On the face of it the bottom decile in the UK have pretty much nothing and the top decile are worth around £4 million per household. This looks like a massive disparity. Is it? Probably not.

First off this analysis ignores the fact that most of us start off poor, with nothing even, and get relatively wealthy over the course of our lives. When I graduated in 1984 I had an overdraft, even then, of £800 and my only tangible asset was my stereo system which I might have been able to flog for £30. Apart from a few records which I might have got a few quid more for I had nothing else I could have sold and no savings. I was very lucky to have a good education and be raised by parents who instilled good values into me. I got myself a good job and today I am on my third property and have largely paid off my mortgage. I have built up some pension assets, like most people not enough. I am now over half way up this graph having started off in the bottom decile. When you start to understand and accept the wealth lifecycle then the Occupy rhetoric starts to look rather shaky. The age distribution graph below shows this effect quite clearly.

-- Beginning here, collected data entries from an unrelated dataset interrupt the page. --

locale transfer_problem =
  fixes law :: "'xt::real_normed_vector measure"
    and AS :: "('xs::topological_space \<Rightarrow> 'ys::real_normed_vector) set"
    and TX :: "('xt \<Rightarrow> 'xs) set"
    and TY :: "('xt \<Rightarrow> 'ys \<Rightarrow> 'yt::real_normed_vector) set"
    and EO :: "('xt \<Rightarrow> 'yt) \<Rightarrow> real"
    and D :: "'xs measure \<Rightarrow> 'xs measure \<Rightarrow> real"
    and C :: "real \<Rightarrow> real \<Rightarrow> real"
    and L LY L' p :: real
  assumes law: "prob_space law"
    and TX_meas: "\<And>T. T \<in> TX \<Longrightarrow> T \<in> borel_measurable law"
    and IM_meas: "\<And>h. h \<in> intermediate_models AS TX TY \<Longrightarrow> h \<in> borel_measurable law"
    and EO_nonneg: "\<And>h. h \<in> intermediate_models AS TX TY \<Longrightarrow> 0 \<le> EO h"
    and D_metric: "metric_on prob_measures D"
    and C00: "C 0 0 = 0"
    and C_mono1: "\<And>a a' b. a \<le> a' \<Longrightarrow> C a b \<le> C a' b"
    and C_mono2: "\<And>a b b'. b \<le> b' \<Longrightarrow> C a b \<le> C a b'"
    and L_nonneg: "0 \<le> L"
    and C_lip: "\<And>a a' b b'. a \<ge> 0 \<Longrightarrow> a' \<ge> 0 \<Longrightarrow> b \<ge> 0 \<Longrightarrow> b' \<ge> 0 \<Longrightarrow>
                  \<bar>C a b - C a' b'\<bar> \<le> L * (\<bar>a - a'\<bar> + \<bar>b - b'\<bar>)"
    and TY_lip: "\<And>T x1 y1 x2 y2. T \<in> TY \<Longrightarrow>
                  norm (T x1 y1 - T x2 y2) \<le> LY * (norm (x1 - x2) + norm (y1 - y2))"
    and LY_nonneg: "0 \<le> LY" and L'_nonneg: "0 \<le> L'" and p_ge: "1 \<le> p"
    and EO_lip: "\<And>h1 h2. h1 \<in> intermediate_models AS TX TY \<Longrightarrow> h2 \<in> intermediate_models AS TX TY \<Longrightarrow>
                  ennreal \<bar>EO h1 - EO h2\<bar> \<le>
                  ennreal L' * wasserstein_pow p (distr law borel h1) (distr law borel h2)"
begin

definition objective :: "('xs \<Rightarrow> 'ys) \<Rightarrow> 'xs measure \<Rightarrow> ('xt \<Rightarrow> 'xs) \<times> ('xt \<Rightarrow> 'ys \<Rightarrow> 'yt) \<Rightarrow> real" where
  "objective f \<mu> T = C (EO (\<lambda>x. snd T x (f (fst T x)))) (D (distr law borel (fst T)) \<mu>)"

lemma transfer_cost_eq_INF_objective:
  "transfer_cost C EO D law TX TY \<mu> f = (INF T\<in>TX \<times> TY. objective f \<mu> T)"
  unfolding transfer_cost_def objective_def ..

lemma input_law_in_prob_measures: "T1 \<in> TX \<Longrightarrow> distr law borel T1 \<in> prob_measures"
  by (simp add: distr_in_prob_measures law TX_meas)

lemma objective_nonneg:
  assumes "f \<in> AS" "\<mu> \<in> prob_measures" "T1 \<in> TX" "T2 \<in> TY"
  shows "0 \<le> objective f \<mu> (T1, T2)"
proof -
  have "0 \<le> EO (\<lambda>x. T2 x (f (T1 x)))"
    using assms by (simp add: EO_nonneg intermediate_modelsI)
  moreover have "0 \<le> D (distr law borel T1) \<mu>"
    using assms D_metric by (simp add: metric_on_nonneg input_law_in_prob_measures)
  ultimately have "C 0 0 \<le> objective f \<mu> (T1, T2)"
    unfolding objective_def using C_mono1 C_mono2 by (metis fst_conv snd_conv order_trans)
  then show ?thesis by (simp add: C00)
qed

lemma output_risk_diff_le:
  assumes "f \<in> AS" "f' \<in> AS" "T1 \<in> TX" "T2 \<in> TY"
    and close: "\<And>x. norm (f x - f' x) \<le> d" and "0 \<le> d" "LY * d \<le> 1"
  shows "\<bar>EO (\<lambda>x. T2 x (f' (T1 x))) - EO (\<lambda>x. T2 x (f (T1 x)))\<bar> \<le> L' * (LY * d)"
proof -
  define h where "h = (\<lambda>x. T2 x (f (T1 x)))"
  define h' where "h' = (\<lambda>x. T2 x (f' (T1 x)))"
  have IM: "h \<in> intermediate_models AS TX TY" "h' \<in> intermediate_models AS TX TY"
    unfolding h_def h'_def using assms by (simp_all add: intermediate_modelsI)
  have "norm (h' x - h x) \<le> LY * d" for x
  proof -
    have "norm (h' x - h x) \<le> LY * (norm (x - x) + norm (f' (T1 x) - f (T1 x)))"
      unfolding h_def h'_def by (rule TY_lip[OF \<open>T2 \<in> TY\<close>])
    also have "\<dots> \<le> LY * d"
      using close[of "T1 x"] LY_nonneg by (simp add: norm_minus_commute mult_left_mono)
    finally show ?thesis .
  qed
  then have "wasserstein_pow p (distr law borel h') (distr law borel h) \<le> ennreal ((LY * d) powr p)"
    using IM p_ge by (intro wasserstein_pow_le_uniform_dist law) (auto intro: IM_meas)
  then have "ennreal \<bar>EO h' - EO h\<bar> \<le> ennreal (L' * (LY * d) powr p)"
    using EO_lip[OF IM(2,1)] L'_nonneg by (simp add: ennreal_mult order_trans mult_left_mono)
  then have "\<bar>EO h' - EO h\<bar> \<le> L' * (LY * d) powr p"
    using L'_nonneg by simp
  also have "\<dots> \<le> L' * (LY * d)"
    using assms(6,7) LY_nonneg L'_nonneg p_ge by (simp add: mult_left_mono powr_le_self)
  finally show ?thesis unfolding h_def h'_def .
qed

lemma objective_diff_le:
  assumes "f \<in> AS" "f' \<in> AS" "\<mu> \<in> prob_measures" "\<mu>' \<in> prob_measures" "T1 \<in> TX" "T2 \<in> TY"
    and "\<And>x. norm (f x - f' x) \<le> d" "0 \<le> d" "LY * d \<le> 1"
  shows "\<bar>objective f' \<mu>' (T1, T2) - objective f \<mu> (T1, T2)\<bar> \<le> L * (L' * (LY * d) + D \<mu> \<mu>')"
proof -
  let ?h = "\<lambda>x. T2 x (f (T1 x))" and ?h' = "\<lambda>x. T2 x (f' (T1 x))" and ?\<nu> = "distr law borel T1"
  have \<nu>: "?\<nu> \<in> prob_measures"
    using \<open>T1 \<in> TX\<close> by (rule input_law_in_prob_measures)
  have "0 \<le> EO ?h" "0 \<le> EO ?h'" "0 \<le> D ?\<nu> \<mu>" "0 \<le> D ?\<nu> \<mu>'"
    using assms \<nu> D_metric by (simp_all add: EO_nonneg intermediate_modelsI metric_on_nonneg)
  then have "\<bar>objective f' \<mu>' (T1, T2) - objective f \<mu> (T1, T2)\<bar>
      \<le> L * (\<bar>EO ?h' - EO ?h\<bar> + \<bar>D ?\<nu> \<mu>' - D ?\<nu> \<mu>\<bar>)"
    unfolding objective_def by (simp add: C_lip)
  also have "\<dots> \<le> L * (L' * (LY * d) + D \<mu> \<mu>')"
  proof -
    have "\<bar>D ?\<nu> \<mu>' - D ?\<nu> \<mu>\<bar> \<le> D \<mu> \<mu>'"
      using D_metric assms(3,4) \<nu> by (rule metric_on_abs_diff_le)
    then show ?thesis
      using output_risk_diff_le assms L_nonneg by (simp add: mult_left_mono add_mono)
  qed
  finally show ?thesis .
qed

lemma transfer_cost_diff_le:
  assumes "TX \<noteq> {}" "TY \<noteq> {}" "f \<in> AS" "f' \<in> AS" "\<mu> \<in> prob_measures" "\<mu>' \<in> prob_measures"
    and "\<And>x. norm (f x - f' x) \<le> d" "0 \<le> d" "LY * d \<le> 1"
  shows "\<bar>transfer_cost C EO D law TX TY \<mu>' f' - transfer_cost C EO D law TX TY \<mu> f\<bar>
    \<le> L * (L' * (LY * d) + D \<mu> \<mu>')"
  unfolding transfer_cost_eq_INF_objective
proof (rule abs_INF_diff_le)
  show "TX \<times> TY \<noteq> {}" using assms by simp
  show "bdd_below (objective f' \<mu>' ` (TX \<times> TY))" "bdd_below (objective f \<mu> ` (TX \<times> TY))"
    using assms by (auto intro!: bdd_belowI2[where m = 0] objective_nonneg)
  show "\<bar>objective f' \<mu>' T - objective f \<mu> T\<bar> \<le> L * (L' * (LY * d) + D \<mu> \<mu>')"
    if "T \<in> TX \<times> TY" for T
    using that assms objective_diff_le by auto
qed

lemma transfer_cost_locally_lipschitz:
  assumes "TX \<noteq> {}" "TY \<noteq> {}" "f \<in> AS" "f' \<in> AS" "\<mu> \<in> prob_measures" "\<mu>' \<in> prob_measures"
    and "0 \<le> M" and close: "D \<mu> \<mu>' + d_M M f f' < min M (1 / LY)"
  shows "\<bar>transfer_cost C EO D law TX TY \<mu>' f' - transfer_cost C EO D law TX TY \<mu> f\<bar>
    \<le> L * (L' * LY + 1) * (D \<mu> \<mu>' + d_M M f f')"
proof -
  let ?d = "d_M M f f'"
  have "0 \<le> D \<mu> \<mu>'" "0 \<le> ?d"
    using assms D_metric by (simp_all add: metric_on_nonneg d_M_nonneg)
  with close have "?d < M" "?d < 1 / LY"
    by auto
  then have "LY * ?d \<le> 1"
    using LY_nonneg by (cases "LY = 0") (auto simp: less_divide_eq mult.commute)
  with \<open>?d < M\<close> have "\<bar>transfer_cost C EO D law TX TY \<mu>' f' - transfer_cost C EO D law TX TY \<mu> f\<bar>
      \<le> L * (L' * (LY * ?d) + D \<mu> \<mu>')"
    using assms \<open>0 \<le> ?d\<close> by (intro transfer_cost_diff_le norm_le_d_M) auto
  also have "\<dots> \<le> L * (L' * LY + 1) * (D \<mu> \<mu>' + ?d)"
  proof -
    have "0 \<le> L * (L' * LY * D \<mu> \<mu>' + ?d)"
      using \<open>0 \<le> D \<mu> \<mu>'\<close> \<open>0 \<le> ?d\<close> L_nonneg L'_nonneg LY_nonneg by simp
    then show ?thesis
      by (simp add: algebra_simps)
  qed
  finally show ?thesis .
qed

Note how the very wealthy have disappeared in this picture. They are hiding in the difference between the median and the mean across the age groups. If age was not a massive factor this graph would be flat and the gap between median and mean larger.

However stark this kind of age distribution is it has nothing whatsoever to do with social injustice. In fact it demonstrates clearly that most of us start with nothing, we work, accumulate assets and then we have something. Finally, we retire and spend our way through our money, leaving some residue to our children if we are lucky.

The ONS work shows that wealth distribution is not as stark as you might imagine in the UK and that a huge driver of wealth inequalities is just age. The picture is even better than even I paint though. There are two major classes of financial asset that are not even recorded in this work.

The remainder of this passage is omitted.